• **WHAT IS EXPECTED**: Below are records; reproduce exactly the lines from the first through the one containing "(\<forall>a\<in>carrier P. \<forall>b\<in>carrier".

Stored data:

══════

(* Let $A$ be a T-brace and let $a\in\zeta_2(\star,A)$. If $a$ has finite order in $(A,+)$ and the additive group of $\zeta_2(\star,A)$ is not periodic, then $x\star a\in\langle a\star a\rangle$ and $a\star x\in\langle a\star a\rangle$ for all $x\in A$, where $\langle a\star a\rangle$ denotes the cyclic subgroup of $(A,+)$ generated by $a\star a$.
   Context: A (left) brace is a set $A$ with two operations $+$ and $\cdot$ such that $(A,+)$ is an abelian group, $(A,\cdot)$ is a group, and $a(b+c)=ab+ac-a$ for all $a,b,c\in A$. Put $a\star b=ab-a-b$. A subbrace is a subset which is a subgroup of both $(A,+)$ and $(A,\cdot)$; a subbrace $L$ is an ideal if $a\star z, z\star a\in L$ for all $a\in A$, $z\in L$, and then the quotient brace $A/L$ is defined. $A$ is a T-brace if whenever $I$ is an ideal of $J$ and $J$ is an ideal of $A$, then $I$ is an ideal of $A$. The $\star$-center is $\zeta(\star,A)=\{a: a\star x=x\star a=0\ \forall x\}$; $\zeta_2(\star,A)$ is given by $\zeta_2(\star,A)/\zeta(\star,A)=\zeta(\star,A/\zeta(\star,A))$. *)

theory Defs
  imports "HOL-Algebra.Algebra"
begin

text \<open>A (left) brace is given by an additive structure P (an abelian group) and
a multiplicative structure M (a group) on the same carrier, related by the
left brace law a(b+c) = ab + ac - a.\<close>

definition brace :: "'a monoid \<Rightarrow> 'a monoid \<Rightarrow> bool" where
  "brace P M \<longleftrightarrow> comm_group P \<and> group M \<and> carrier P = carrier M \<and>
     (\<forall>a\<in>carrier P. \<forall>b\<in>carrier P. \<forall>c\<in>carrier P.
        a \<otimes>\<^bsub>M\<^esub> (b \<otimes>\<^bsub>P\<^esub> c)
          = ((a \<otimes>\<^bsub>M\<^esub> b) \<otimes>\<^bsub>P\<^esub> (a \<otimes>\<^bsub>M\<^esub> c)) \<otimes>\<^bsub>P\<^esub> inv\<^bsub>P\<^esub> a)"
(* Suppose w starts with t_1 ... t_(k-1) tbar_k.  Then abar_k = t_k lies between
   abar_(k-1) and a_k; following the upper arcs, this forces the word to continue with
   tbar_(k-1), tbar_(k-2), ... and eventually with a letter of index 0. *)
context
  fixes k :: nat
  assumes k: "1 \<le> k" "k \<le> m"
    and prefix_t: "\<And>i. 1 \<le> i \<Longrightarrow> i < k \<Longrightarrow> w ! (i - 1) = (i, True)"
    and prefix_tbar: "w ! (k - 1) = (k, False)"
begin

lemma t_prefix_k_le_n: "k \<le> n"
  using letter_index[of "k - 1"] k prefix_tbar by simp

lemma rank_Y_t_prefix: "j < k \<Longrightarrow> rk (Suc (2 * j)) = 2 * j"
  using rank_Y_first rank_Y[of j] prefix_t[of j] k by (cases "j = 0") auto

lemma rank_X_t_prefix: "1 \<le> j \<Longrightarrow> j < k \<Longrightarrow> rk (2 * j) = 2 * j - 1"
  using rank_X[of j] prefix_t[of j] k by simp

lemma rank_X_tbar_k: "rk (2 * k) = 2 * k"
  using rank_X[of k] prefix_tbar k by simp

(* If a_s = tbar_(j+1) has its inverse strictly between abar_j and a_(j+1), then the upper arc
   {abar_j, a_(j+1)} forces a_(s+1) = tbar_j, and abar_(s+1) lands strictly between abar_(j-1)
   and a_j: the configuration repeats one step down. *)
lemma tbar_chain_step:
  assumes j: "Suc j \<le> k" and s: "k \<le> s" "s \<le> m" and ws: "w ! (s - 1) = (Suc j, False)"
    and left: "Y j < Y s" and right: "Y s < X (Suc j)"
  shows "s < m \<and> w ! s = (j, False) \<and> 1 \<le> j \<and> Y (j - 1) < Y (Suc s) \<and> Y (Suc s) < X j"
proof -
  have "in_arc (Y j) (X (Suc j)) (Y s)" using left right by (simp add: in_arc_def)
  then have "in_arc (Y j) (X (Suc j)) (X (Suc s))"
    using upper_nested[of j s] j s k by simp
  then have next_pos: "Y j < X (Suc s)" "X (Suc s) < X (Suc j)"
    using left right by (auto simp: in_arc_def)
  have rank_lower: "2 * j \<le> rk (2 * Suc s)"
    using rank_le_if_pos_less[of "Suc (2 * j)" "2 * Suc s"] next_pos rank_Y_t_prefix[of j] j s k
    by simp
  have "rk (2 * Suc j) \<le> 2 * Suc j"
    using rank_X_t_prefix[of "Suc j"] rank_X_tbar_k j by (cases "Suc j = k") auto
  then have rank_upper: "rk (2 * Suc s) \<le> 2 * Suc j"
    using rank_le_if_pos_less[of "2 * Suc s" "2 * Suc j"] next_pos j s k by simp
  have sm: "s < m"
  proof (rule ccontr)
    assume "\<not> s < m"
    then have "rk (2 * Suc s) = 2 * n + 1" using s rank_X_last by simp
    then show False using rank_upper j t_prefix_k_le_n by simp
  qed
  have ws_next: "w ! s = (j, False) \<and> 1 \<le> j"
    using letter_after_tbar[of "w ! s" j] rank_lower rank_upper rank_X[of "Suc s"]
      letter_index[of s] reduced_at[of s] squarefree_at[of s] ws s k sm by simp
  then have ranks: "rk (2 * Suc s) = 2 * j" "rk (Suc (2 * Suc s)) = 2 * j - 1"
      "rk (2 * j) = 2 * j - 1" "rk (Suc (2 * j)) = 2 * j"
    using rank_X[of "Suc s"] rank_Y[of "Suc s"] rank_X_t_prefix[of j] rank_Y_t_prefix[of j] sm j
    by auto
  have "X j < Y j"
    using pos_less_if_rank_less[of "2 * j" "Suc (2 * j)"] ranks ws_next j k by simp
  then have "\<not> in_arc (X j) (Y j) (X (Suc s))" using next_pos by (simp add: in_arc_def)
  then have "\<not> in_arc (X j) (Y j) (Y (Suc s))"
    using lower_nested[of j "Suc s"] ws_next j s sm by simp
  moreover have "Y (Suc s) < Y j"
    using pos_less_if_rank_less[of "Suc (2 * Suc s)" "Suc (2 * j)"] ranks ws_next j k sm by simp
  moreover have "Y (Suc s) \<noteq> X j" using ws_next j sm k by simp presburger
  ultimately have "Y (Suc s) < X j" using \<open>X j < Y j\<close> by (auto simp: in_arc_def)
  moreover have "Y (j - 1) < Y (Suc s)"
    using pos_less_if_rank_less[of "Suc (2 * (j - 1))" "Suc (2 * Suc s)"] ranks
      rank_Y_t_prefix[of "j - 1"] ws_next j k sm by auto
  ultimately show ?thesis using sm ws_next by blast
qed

══════

• **WRITTEN ANSWER**:
(* Let $A$ be a T-brace and let $a\in\zeta_2(\star,A)$. If $a$ has finite order in $(A,+)$ and the additive group of $\zeta_2(\star,A)$ is not periodic, then $x\star a\in\langle a\star a\rangle$ and $a\star x\in\langle a\star a\rangle$ for all $x\in A$, where $\langle a\star a\rangle$ denotes the cyclic subgroup of $(A,+)$ generated by $a\star a$.
   Context: A (left) brace is a set $A$ with two operations $+$ and $\cdot$ such that $(A,+)$ is an abelian group, $(A,\cdot)$ is a group, and $a(b+c)=ab+ac-a$ for all $a,b,c\in A$. Put $a\star b=ab-a-b$. A subbrace is a subset which is a subgroup of both $(A,+)$ and $(A,\cdot)$; a subbrace $L$ is an ideal if $a\star z, z\star a\in L$ for all $a\in A$, $z\in L$, and then the quotient brace $A/L$ is defined. $A$ is a T-brace if whenever $I$ is an ideal of $J$ and $J$ is an ideal of $A$, then $I$ is an ideal of $A$. The $\star$-center is $\zeta(\star,A)=\{a: a\star x=x\star a=0\ \forall x\}$; $\zeta_2(\star,A)$ is given by $\zeta_2(\star,A)/\zeta(\star,A)=\zeta(\star,A/\zeta(\star,A))$. *)

theory Defs
  imports "HOL-Algebra.Algebra"
begin

text \<open>A (left) brace is given by an additive structure P (an abelian group) and
a multiplicative structure M (a group) on the same carrier, related by the
left brace law a(b+c) = ab + ac - a.\<close>

definition brace :: "'a monoid \<Rightarrow> 'a monoid \<Rightarrow> bool" where
  "brace P M \<longleftrightarrow> comm_group P \<and> group M \<and> carrier P = carrier M \<and>
     (\<forall>a\<in>carrier P. \<forall>b\<in>carrier P. \<forall>c\<in>carrier P.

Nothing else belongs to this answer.